Data sets for the majority of observations with the Parkes telescope become publicly available after an 18-month proprietary period. The pulsar data sets are available from Commonwealth Scientific and Industrial Research Organisation (CSIRO)’s data archive (https://data.csiro.au; Hobbs et al. Reference Hobbs2011). The spectral line and continuum data sets will be made available from the Australia Telescope Online Archive (ATOA; https://atoa.atnf.csiro.au) or the CSIRO ASKAP Science Data Archive, CASDA (Chapman et al. Reference Chapman, Dempsey, Miller, Heywood, Pritchard, Sangster, Whiting and Dart2017).
4. Timing and synchronisation
An observatory distributed clock system, which is referenced to the observatory’s hydrogen maser frequency standard, is used to derive precise 128-MHz and 1-Hz reference signals for the data acquistion systems. Phase-locked synchronisation signals at 2.56 MHz for the 4 096 MHz system and 1.6 MHz for the 2 560 MHz system, known as ‘SYSREF’ signals, are required by the ADCs. These are derived from the 128-MHz reference signals and distributed with it to the focus cabin over optical fibres. A local synthesiser in the cabin generates the sampling clocks from the 128-MHz reference and distributes them to all ADCs along with a copy of the appropriate SYSREF clock. The combination of the sampling clock, SYSREF and a 1-Hz gated synchronisation from the FPGA receivers, along with local copies of these signals supplied directly to the FPGA, allows for precise, repeatable synchronisation with deterministic latency. The ADCs are synchronised to a chosen SYSREF edge, and therefore the synchronisation error is expected to be sub-nanosecond, relative to the maser standard. Time synchronisation to terrestrial time standards at a level of a few nanoseconds is obtained by measuring the offset between the observatory clock 1-s pulses and those from a Global Positioning System (GPS) receiver. These are subsequently referenced to International Atomic Time (TAI) or other time standards using time offsets published by the Bureau International des Poids et Mesures (BIPM)Footnote i.

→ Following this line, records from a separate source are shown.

text \<open>Expected hitting time E[T] = sum_{t>=0} Pr(T > t), valued in [0,\<infinity>].\<close>
definition hit_time :: "'a set \<Rightarrow> 'a set \<Rightarrow> ('a \<Rightarrow> 'a \<Rightarrow> real) \<Rightarrow> 'a \<Rightarrow> ennreal" where
  "hit_time S Sopt P X = (\<Sum>t. ennreal (not_hit S Sopt P t X))"

definition avg_hit_time :: "'a set \<Rightarrow> 'a set \<Rightarrow> ('a \<Rightarrow> 'a \<Rightarrow> real) \<Rightarrow> ennreal" where
  "avg_hit_time S Sopt P = (\<Sum>X\<in>S. hit_time S Sopt P X) / of_nat (card S)"

definition mixed :: "('a \<Rightarrow> real) \<Rightarrow> ('a \<Rightarrow> 'a \<Rightarrow> real) \<Rightarrow> ('a \<Rightarrow> 'a \<Rightarrow> real) \<Rightarrow> 'a \<Rightarrow> 'a \<Rightarrow> real" where
  "mixed q P1 P2 X Y = q X * P1 X Y + (1 - q X) * P2 X Y"

definition Delta :: "'a set \<Rightarrow> 'a set \<Rightarrow> ('a \<Rightarrow> real) \<Rightarrow> ('a \<Rightarrow> 'a \<Rightarrow> real) \<Rightarrow> 'a \<Rightarrow> real" where
  "Delta S Sopt d P X = d X - (\<Sum>Y\<in>S - Sopt. P X Y * d Y)"

definition complementary :: "'a set \<Rightarrow> 'a set \<Rightarrow> ('a \<Rightarrow> 'a \<Rightarrow> real) \<Rightarrow> ('a \<Rightarrow> 'a \<Rightarrow> real) \<Rightarrow> bool" where
  "complementary S Sopt P1 P2 \<longleftrightarrow>
     (let d = (\<lambda>X. enn2real (hit_time S Sopt P1 X)) in
      \<exists>X\<in>S - Sopt. Delta S Sopt d P1 X < Delta S Sopt d P2 X)"

end

theory Submission
  imports Defs
begin

text \<open>Let \<open>d = m\<^sub>P\<^sub>S\<^sub>1\<close>. Off \<open>Sopt\<close> it solves the Poisson equation
  \<open>d X = 1 + (\<Sum>Y. P\<^sub>1 X Y * d Y)\<close>, so \<open>\<Delta>\<^sub>P\<^sub>S\<^sub>1 = 1\<close> there and PS2 is complementary
  exactly when one step of PS2 from some \<open>X\<close>, followed by PS1, beats \<open>d X\<close>.
  Supersolutions of the Poisson equation of a strategy bound its hitting times from above,
  subsolutions vanishing on \<open>Sopt\<close> bound them from below. If \<open>X\<^sub>0\<close> witnesses
  complementarity, \<open>d\<close> lowered at \<open>X\<^sub>0\<close> is a supersolution for the strategy that uses
  PS2 only at \<open>X\<^sub>0\<close>, which therefore beats PS1 on average. Otherwise \<open>d\<close> is a
  subsolution for every mixed strategy, so none of them beats PS1 anywhere.\<close>

lemma not_hit_optimal [simp]: "X \<in> Sopt \<Longrightarrow> not_hit S Sopt P t X = 0"
  by (cases t) auto

lemma hit_time_optimal: "X \<in> Sopt \<Longrightarrow> hit_time S Sopt P X = 0"
  by (simp add: hit_time_def)

lemma not_hit_nonneg:
  assumes "\<forall>X\<in>S. \<forall>Y\<in>S. 0 \<le> P X Y" and "X \<in> S"
  shows "0 \<le> not_hit S Sopt P t X"
  using assms(2)
proof (induction t arbitrary: X)
  case (Suc t)
  then show ?case using assms(1) by (auto intro!: sum_nonneg)
qed simp

lemma sum_not_hit_Suc:
  assumes "X \<notin> Sopt"
  shows "(\<Sum>t<Suc n. not_hit S Sopt P t X) = 1 + (\<Sum>Y\<in>S. P X Y * (\<Sum>t<n. not_hit S Sopt P t Y))"
proof -
  have "(\<Sum>t<Suc n. not_hit S Sopt P t X) = not_hit S Sopt P 0 X + (\<Sum>t<n. not_hit S Sopt P (Suc t) X)"
    by (rule sum.lessThan_Suc_shift)
  also have "\<dots> = 1 + (\<Sum>t<n. \<Sum>Y\<in>S. P X Y * not_hit S Sopt P t Y)"
    using assms by simp
  also have "\<dots> = 1 + (\<Sum>Y\<in>S. P X Y * (\<Sum>t<n. not_hit S Sopt P t Y))"
    by (simp add: sum.swap[of _ "{..<n}"] sum_distrib_left)
  finally show ?thesis .
qed

lemma hit_time_eq_suminf:
  assumes "\<forall>X\<in>S. \<forall>Y\<in>S. 0 \<le> P X Y" and "X \<in> S" and "summable (\<lambda>t. not_hit S Sopt P t X)"
  shows "hit_time S Sopt P X = ennreal (\<Sum>t. not_hit S Sopt P t X)"
  unfolding hit_time_def by (rule suminf_ennreal2[OF not_hit_nonneg[OF assms(1,2)] assms(3)])

lemma summable_not_hit:
  assumes "\<forall>X\<in>S. \<forall>Y\<in>S. 0 \<le> P X Y" and "X \<in> S" and "hit_time S Sopt P X < \<infinity>"
  shows "summable (\<lambda>t. not_hit S Sopt P t X)"
  using assms(3) unfolding hit_time_def
  by (intro summable_suminf_not_top not_hit_nonneg[OF assms(1,2)]) auto

lemma sum_not_hit_le_supersolution:
  assumes nonneg: "\<forall>X\<in>S. \<forall>Y\<in>S. 0 \<le> P X Y"
    and e_nonneg: "\<forall>X\<in>S. 0 \<le> e X"
    and super: "\<forall>X\<in>S - Sopt. 1 + (\<Sum>Y\<in>S. P X Y * e Y) \<le> e X"
    and "X \<in> S"
  shows "(\<Sum>t<n. not_hit S Sopt P t X) \<le> e X"
  using \<open>X \<in> S\<close>
proof (induction n arbitrary: X)
  case 0
  then show ?case using e_nonneg by simp
next
  case (Suc n)
  show ?case
  proof (cases "X \<in> Sopt")
    case True
    then show ?thesis using e_nonneg Suc.prems by simp
  next
    case False
    have "(\<Sum>t<Suc n. not_hit S Sopt P t X) = 1 + (\<Sum>Y\<in>S. P X Y * (\<Sum>t<n. not_hit S Sopt P t Y))"
      by (rule sum_not_hit_Suc[OF False])
    also have "\<dots> \<le> 1 + (\<Sum>Y\<in>S. P X Y * e Y)"
      using Suc nonneg by (auto intro!: sum_mono mult_left_mono)
    also have "\<dots> \<le> e X"
      using super Suc.prems False by auto
    finally show ?thesis .
  qed
qed

lemma hit_time_le_supersolution:
  assumes "\<forall>X\<in>S. \<forall>Y\<in>S. 0 \<le> P X Y"
    and "\<forall>X\<in>S. 0 \<le> e X"
    and "\<forall>X\<in>S - Sopt. 1 + (\<Sum>Y\<in>S. P X Y * e Y) \<le> e X"
    and "X \<in> S"
  shows "hit_time S Sopt P X \<le> ennreal (e X)"
proof -
  have "(\<Sum>t<n. ennreal (not_hit S Sopt P t X)) \<le> ennreal (e X)" for n
    using sum_not_hit_le_supersolution[OF assms] not_hit_nonneg[OF assms(1,4)]
    by (simp add: ennreal_leI)
  then show ?thesis
    unfolding hit_time_def suminf_eq_SUP by (rule SUP_least)
qed

lemma subsolution_le_sum_not_hit:
  assumes nonneg: "\<forall>X\<in>S. \<forall>Y\<in>S. 0 \<le> P X Y"
    and e_bound: "\<forall>X\<in>S. e X \<le> M" and e_optimal: "\<forall>X\<in>Sopt. e X = 0"
    and sub: "\<forall>X\<in>S - Sopt. e X \<le> 1 + (\<Sum>Y\<in>S. P X Y * e Y)"
    and "X \<in> S"
  shows "e X \<le> (\<Sum>t<n. not_hit S Sopt P t X) + M * not_hit S Sopt P n X"
  using \<open>X \<in> S\<close>
proof (induction n arbitrary: X)
  case 0
  then show ?case using e_bound e_optimal by auto
next
  case (Suc n)
  show ?case
  proof (cases "X \<in> Sopt")
    case True
    then show ?thesis using e_optimal by simp
  next
    case False
    have "e X \<le> 1 + (\<Sum>Y\<in>S. P X Y * e Y)"
      using sub Suc.prems False by auto
    also have "\<dots> \<le> 1 + (\<Sum>Y\<in>S. P X Y * ((\<Sum>t<n. not_hit S Sopt P t Y) + M * not_hit S Sopt P n Y))"
      using Suc nonneg by (auto intro!: sum_mono mult_left_mono)
    also have "\<dots> = (\<Sum>t<Suc n. not_hit S Sopt P t X) + M * not_hit S Sopt P (Suc n) X"
      using sum_not_hit_Suc[OF False, of S P n] False
      by (simp add: distrib_left sum.distrib sum_distrib_left algebra_simps)
    finally show ?thesis .
  qed
qed

lemma subsolution_le_hit_time:
  assumes "finite S" and nonneg: "\<forall>X\<in>S. \<forall>Y\<in>S. 0 \<le> P X Y"
    and e_optimal: "\<forall>X\<in>Sopt. e X = 0"
    and sub: "\<forall>X\<in>S - Sopt. e X \<le> 1 + (\<Sum>Y\<in>S. P X Y * e Y)"
    and X: "X \<in> S"
  shows "ennreal (e X) \<le> hit_time S Sopt P X"
proof (cases "hit_time S Sopt P X < \<infinity>")
  case True
  let ?M = "Max (e ` S)"
  have summable: "summable (\<lambda>t. not_hit S Sopt P t X)"
    by (rule summable_not_hit[OF nonneg X True])
  have "(\<lambda>n. (\<Sum>t<n. not_hit S Sopt P t X) + ?M * not_hit S Sopt P n X)
      \<longlonglongrightarrow> (\<Sum>t. not_hit S Sopt P t X) + ?M * 0"
    by (intro tendsto_intros summable_LIMSEQ summable_LIMSEQ_zero summable)
  moreover have "e X \<le> (\<Sum>t<n. not_hit S Sopt P t X) + ?M * not_hit S Sopt P n X" for n
    using subsolution_le_sum_not_hit[OF nonneg _ e_optimal sub X] \<open>finite S\<close> by simp
  ultimately have "e X \<le> (\<Sum>t. not_hit S Sopt P t X)"
    by (simp add: LIMSEQ_le_const)
  then show ?thesis
    using hit_time_eq_suminf[OF nonneg X summable] by (simp add: ennreal_leI)
qed (simp add: less_top[symmetric])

To illustrate the timing stability of the UWL system, Figure 5 shows the pulsar timing residuals for PSR J1909–3744 in the 10-cm observing band. This is the most stable pulsar observed by the PPTA project (Manchester et al. Reference Manchester2013). The residuals in black were obtained using the 10-cm receiver and the PDFB4 processor. Those in red are for an identical band, but obtained through the UWL system. The rms of the timing residuals (that span around 6 months) obtained with the Medusa system (over this relatively small band) is 145 ns and the residuals are dominated by the uncertainty on their measurement. The UWL is clearly adequate for high-precision pulsar timing, but we will continue to test the timing precision and accuracy of the system and to improve our knowledge of the delays between this system and earlier receiver and signal processor combinations. Our intention is to determine the absolute delays required to convert any measured pulse arrival times to the intersection of the axes of the telescope (see Manchester et al. Reference Manchester2013) for details on how this was carried out for the PDFB4 signal processor).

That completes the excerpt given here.